Adam T. Sutton

Liable for Bloggers’ Claims

October 7th, 2009

The Federal Trade Commission on Monday published the final version of its Guides Concerning the Use of Endorsements and Testimonials in Advertising. These new rules will govern how companies can use consumer, expert and organizational endorsements to make claims about products.

There are many important updates, which become effective Dec. 1. MarketingSherpa is working on an article describing the changes that marketers need to know. In the meantime, I want to point out one change that should concern anyone who sends free products to bloggers to generate buzz.

If a blogger writes a positive review of a product that you sent free-of-charge, that post may be considered an “endorsement.” It depends on the value of the product and whether the blogger routinely receives such requests.

“If the blogger frequently receives products from manufacturers because he or she is known to have wide readership within a particular demographic group…the blogger’s statements are likely to be deemed to be ‘endorsements,’” according to the guidelines.

“Similarly, consumers who join word-of-mouth marketing programs that periodically provide them products to review publicly (as opposed to simply giving feedback to the advertiser) will also likely be viewed as giving sponsored messages.”

Now here’s the kicker: if the post is deemed an “endorsement” and the blogger writes false claims into the review, the blogger and the advertiser are liable for the misleading statements.

So if you, a phone manufacturer, send a free phone to a popular tech blogger who writes a positive review that the phone also makes a fantastic life raft — you are liable for that claim.

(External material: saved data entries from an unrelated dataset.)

lemma distr_PiM_pair_repl_swap:
  fixes M :: "nat \<Rightarrow> 'a measure"
  assumes "finite_product_prob_space M I"
  shows "distr (PiM I M \<Otimes>\<^sub>M PiM I M) (PiM I M \<Otimes>\<^sub>M PiM I M) (\<lambda>(x, y). (repl S x y, repl S y x))
    = PiM I M \<Otimes>\<^sub>M PiM I M"
proof -
  interpret finite_product_prob_space M I by fact
  let ?P = "PiM I M"
  let ?\<sigma> = "\<lambda>(x, y). (repl S x y, repl S y x)"
  have P: "prob_space ?P"
    by (intro prob_space_PiM prob_space)
  then have finite_P: "finite_measure ?P"
    by (simp add: prob_space.finite_measure)
  show ?thesis
  proof (rule finite_pair_measure_eqI_generator[OF finite_P finite_P boxes_generate_PiM boxes_generate_PiM])
    show "sets (distr (?P \<Otimes>\<^sub>M ?P) (?P \<Otimes>\<^sub>M ?P) ?\<sigma>) = sets (?P \<Otimes>\<^sub>M ?P)"
      by simp
    fix X Y assume "X \<in> prod_algebra I M" "Y \<in> prod_algebra I M"
    then obtain F G where X: "X = PiE I F" and Y: "Y = PiE I G"
      and F: "\<And>i. i \<in> I \<Longrightarrow> F i \<in> sets (M i)" and G: "\<And>i. i \<in> I \<Longrightarrow> G i \<in> sets (M i)"
      unfolding prod_algebra_eq_finite[OF finite_index] by blast
    let ?F' = "\<lambda>i. if i \<in> S then G i else F i" and ?G' = "\<lambda>i. if i \<in> S then F i else G i"
    have "X \<times> Y \<in> sets (?P \<Otimes>\<^sub>M ?P)"
      unfolding X Y using F G by (intro pair_measureI sets_PiM_I_finite finite_index)
    then have "emeasure (distr (?P \<Otimes>\<^sub>M ?P) (?P \<Otimes>\<^sub>M ?P) ?\<sigma>) (X \<times> Y) = emeasure (?P \<Otimes>\<^sub>M ?P) (PiE I ?F' \<times> PiE I ?G')"
      using F G by (simp add: emeasure_distr[OF measurable_repl_swap] X Y vimage_repl_swap_PiE sets.sets_into_space)
    also have "\<dots> = emeasure ?P (PiE I ?F') * emeasure ?P (PiE I ?G')"
      using F G by (intro sigma_finite_measure.emeasure_pair_measure_Times prob_space_imp_sigma_finite P
          sets_PiM_I_finite finite_index) simp_all
    also have "\<dots> = (\<Prod>i\<in>I. emeasure (M i) (?F' i)) * (\<Prod>i\<in>I. emeasure (M i) (?G' i))"
      using F G by (simp add: measure_times)
    also have "\<dots> = (\<Prod>i\<in>I. emeasure (M i) (F i)) * (\<Prod>i\<in>I. emeasure (M i) (G i))"
      unfolding prod.distrib[symmetric] by (intro prod.cong) (auto simp: mult.commute)
    also have "\<dots> = emeasure ?P X * emeasure ?P Y"
      using F G by (simp add: X Y measure_times)
    finally show "emeasure (distr (?P \<Otimes>\<^sub>M ?P) (?P \<Otimes>\<^sub>M ?P) ?\<sigma>) (X \<times> Y) = emeasure ?P X * emeasure ?P Y" .
  qed
qed

lemma finite_product_prob_space_const:
  "prob_space N \<Longrightarrow> finite I \<Longrightarrow> finite_product_prob_space (\<lambda>_. N) I"
  by (simp add: finite_product_prob_space_def finite_product_sigma_finite_def product_prob_space_def
      product_sigma_finite_def product_prob_space_axioms_def finite_product_sigma_finite_axioms_def
      prob_space_imp_sigma_finite)

section \<open>Averaging along maximal chains of subsets\<close>

text \<open>chain_weight I A is the probability that a uniformly random maximal chain of subsets of I
  passes through a given edge A \<subset> insert j A, so chain_average I D is the expected sum of D along
  such a chain.\<close>
definition chain_weight :: "'i set \<Rightarrow> 'i set \<Rightarrow> 'a::field_char_0" where
  "chain_weight I A = 1 / (of_nat (card I choose card A) * of_nat (card I - card A))"

definition chain_average :: "'i set \<Rightarrow> ('i set \<Rightarrow> 'i \<Rightarrow> 'a::field_char_0) \<Rightarrow> 'a" where
  "chain_average I D = (\<Sum>A\<in>{A. A \<subset> I}. chain_weight I A * (\<Sum>j\<in>I - A. D A j))"

lemma chain_average_cong:
  "(\<And>A j. A \<subset> I \<Longrightarrow> j \<in> I - A \<Longrightarrow> D A j = D' A j) \<Longrightarrow> chain_average I D = chain_average I D'"
  unfolding chain_average_def by (intro sum.cong refl arg_cong2[where f="(*)"]) auto

lemma of_nat_Suc_div_binomial:
  assumes "k < n"
  shows "of_nat (Suc k) / (of_nat (n choose k) * of_nat (n - k)) = (1 / of_nat (n choose Suc k) :: 'a::field_char_0)"
proof -
  have "(n choose k) * (n - k) = Suc k * (n choose Suc k)"
    using binomial_absorb_comp[of n k] binomial_absorption[of k n] by (simp add: mult.commute)
  then have "(of_nat (n choose k) * of_nat (n - k) :: 'a) = of_nat (Suc k) * of_nat (n choose Suc k)"
    by (metis of_nat_mult)
  moreover have "(n choose Suc k) \<noteq> 0"
    using assms by simp
  ultimately show ?thesis
    by (simp del: of_nat_Suc)
qed

lemma sum_subset_lattice_edges:
  assumes "finite I"
  shows "(\<Sum>A\<in>{A. A \<subset> I}. \<Sum>j\<in>I - A. F A j) = (\<Sum>B\<in>{B. B \<subseteq> I \<and> B \<noteq> {}}. \<Sum>j\<in>B. F (B - {j}) j)"
proof -
  have fin: "finite {A. A \<subset> I}" "finite {B. B \<subseteq> I \<and> B \<noteq> {}}"
    using assms by (auto intro: finite_subset[of _ "Pow I"])
  have "(\<Sum>A\<in>{A. A \<subset> I}. \<Sum>j\<in>I - A. F A j) = (\<Sum>(A, j)\<in>Sigma {A. A \<subset> I} (\<lambda>A. I - A). F A j)"
    using fin assms by (intro sum.Sigma) auto
  also have "\<dots> = (\<Sum>(B, j)\<in>Sigma {B. B \<subseteq> I \<and> B \<noteq> {}} (\<lambda>B. B). F (B - {j}) j)"
    by (rule sum.reindex_bij_witness[where i="\<lambda>(B, j). (B - {j}, j)" and j="\<lambda>(A, j). (insert j A, j)"])
      auto
  also have "\<dots> = (\<Sum>B\<in>{B. B \<subseteq> I \<and> B \<noteq> {}}. \<Sum>j\<in>B. F (B - {j}) j)"
    using fin assms by (intro sum.Sigma[symmetric]) (auto intro: finite_subset)
  finally show ?thesis .
qed

lemma chain_weight_out:
  assumes "finite I" "A \<subset> I"
  shows "of_nat (card (I - A)) * chain_weight I A = (1 / of_nat (card I choose card A) :: 'a::field_char_0)"
proof -
  have "card A < card I" "card (I - A) = card I - card A"
    using assms psubset_card_mono[of I A] by (auto simp: card_Diff_subset finite_subset)
  then show ?thesis
    using of_nat_Suc_div_binomial[of "card A" "card I"] by (simp add: chain_weight_def)
qed

lemma chain_weight_in:
  assumes "finite I" "B \<subseteq> I" "B \<noteq> {}"
  shows "(\<Sum>j\<in>B. chain_weight I (B - {j})) = (1 / of_nat (card I choose card B) :: 'a::field_char_0)"
proof -
  have "card B \<noteq> 0"
    using assms by (simp add: finite_subset)
  then obtain k where k: "card B = Suc k"
    using not0_implies_Suc by blast
  have "k < card I"
    using card_mono[OF assms(1,2)] k by simp
  have "(\<Sum>j\<in>B. chain_weight I (B - {j}) :: 'a) = (\<Sum>j\<in>B. 1 / (of_nat (card I choose k) * of_nat (card I - k)))"
    using k by (intro sum.cong) (simp_all add: chain_weight_def)
  also have "\<dots> = of_nat (Suc k) / (of_nat (card I choose k) * of_nat (card I - k))"
    using k by simp
  also have "\<dots> = 1 / of_nat (card I choose card B)"
    unfolding of_nat_Suc_div_binomial[OF \<open>k < card I\<close>] k ..
  finally show ?thesis .
qed

text \<open>Each B \<subseteq> I gets the total weight 1 / C(n, |B|) both from the edges leaving it and from
  those entering it, so everything cancels except g {} and g I.\<close>
lemma chain_average_telescope:
  fixes g :: "'i set \<Rightarrow> 'a::field_char_0"
  assumes "finite I"
  shows "chain_average I (\<lambda>A j. g A - g (insert j A)) = g {} - g I"
proof -
  define c where "c B = 1 / (of_nat (card I choose card B) :: 'a)" for B :: "'i set"
  have "chain_average I (\<lambda>A j. g A - g (insert j A))
      = (\<Sum>A\<in>{A. A \<subset> I}. \<Sum>j\<in>I - A. chain_weight I A * g A)
        - (\<Sum>A\<in>{A. A \<subset> I}. \<Sum>j\<in>I - A. chain_weight I A * g (insert j A))"
    by (simp add: chain_average_def sum_distrib_left right_diff_distrib sum_subtractf mult.left_commute)
  also have "(\<Sum>A\<in>{A. A \<subset> I}. \<Sum>j\<in>I - A. chain_weight I A * g A) = (\<Sum>A\<in>{A. A \<subset> I}. c A * g A)"
    by (intro sum.cong refl) (simp add: c_def mult.assoc[symmetric] chain_weight_out[OF assms])
  also have "(\<Sum>A\<in>{A. A \<subset> I}. \<Sum>j\<in>I - A. chain_weight I A * g (insert j A))
      = (\<Sum>B\<in>{B. B \<subseteq> I \<and> B \<noteq> {}}. \<Sum>j\<in>B. chain_weight I (B - {j}) * g B)"
    unfolding sum_subset_lattice_edges[OF assms] by (intro sum.cong refl) (simp add: insert_absorb)
  also have "\<dots> = (\<Sum>B\<in>{B. B \<subseteq> I \<and> B \<noteq> {}}. c B * g B)"
    by (intro sum.cong refl) (simp add: c_def sum_distrib_right[symmetric] chain_weight_in[OF assms])
  also have "(\<Sum>A\<in>{A. A \<subset> I}. c A * g A) - (\<Sum>B\<in>{B. B \<subseteq> I \<and> B \<noteq> {}}. c B * g B)
      = c {} * g {} - c I * g I"
  proof -
    have "{A. A \<subset> I} = Pow I - {I}" "{B. B \<subseteq> I \<and> B \<noteq> {}} = Pow I - {{}}"
      by auto
    then show ?thesis
      using assms by (simp add: sum_diff1)
  qed
  also have "\<dots> = g {} - g I"
    by (simp add: c_def)
  finally show ?thesis .
qed

section \<open>Hybrids of two independent copies\<close>

lemma integrable_mult_of_square_integrable:
  fixes p q :: "'a \<Rightarrow> 'b::{real_normed_div_algebra, banach, second_countable_topology}"
  assumes [measurable]: "p \<in> borel_measurable M" "q \<in> borel_measurable M"
    and "integrable M (\<lambda>x. (norm (p x))\<^sup>2)" "integrable M (\<lambda>x. (norm (q x))\<^sup>2)"
  shows "integrable M (\<lambda>x. p x * q x)"
proof (rule Bochner_Integration.integrable_bound)
  show "integrable M (\<lambda>x. (norm (p x))\<^sup>2 + (norm (q x))\<^sup>2)"
    using assms(3,4) by (rule Bochner_Integration.integrable_add)
  show "(\<lambda>x. p x * q x) \<in> borel_measurable M"
    by measurable
  have "norm (p x) * norm (q x) \<le> (norm (p x))\<^sup>2 + (norm (q x))\<^sup>2" for x
    using sum_squares_bound[of "norm (p x)" "norm (q x)"] mult_nonneg_nonneg[OF norm_ge_zero[of "p x"] norm_ge_zero[of "q x"]]
    by linarith
  then show "AE x in M. norm (p x * q x) \<le> norm ((norm (p x))\<^sup>2 + (norm (q x))\<^sup>2)"
    by (simp add: norm_mult)
qed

The guidelines suggest that advertisers who send free products to bloggers (directly or through a service) make sure that they provide guidance to ensure that the bloggers’ statements are truthful and substantiated.

“The advertiser should also monitor bloggers who are being paid to promote its products and take steps necessary to halt the continued publication of deceptive representations when they are discovered,” according to the guidelines.

So if you are sending out free products to bloggers, your job might be more difficult after Dec. 1. Stay tuned for more info as MarketingSherpa digs into the details.

Adam T. Sutton

About Adam T. Sutton

Adam T. Sutton, Senior Reporter, MarketingSherpa
Adam generates content for MarketingSherpa's Email and Inbound Marketing newsletters. His years of experience in interviewing marketers and conveying their insights has spanned topics such as search marketing, social media marketing, ecommerce, email and more. Adam previously powered the content behind MarketingSherpa's Search and Consumer-marketing newsletters and carries that experience into his new role. Today, in addition to writing articles, he contributes content to the MarketingExperiments and MarketingSherpa blogs, as well as MECLABS webinars, workshops and summits.

Prior to joining MarketingSherpa, Adam was the Managing Editor at the Mequoda group. There he created content and promotions for the company's daily email newsletter and managed its schedule.

Categories: Consumer Marketing, Marketing Law Tags: , , , , ,



  1. October 11th, 2009 at 14:31 | #1

    This regulation is over the top. Making advertisers monitor bloggers is nuts. Is this in perpetuity? What are the “steps necessary” to halt publication?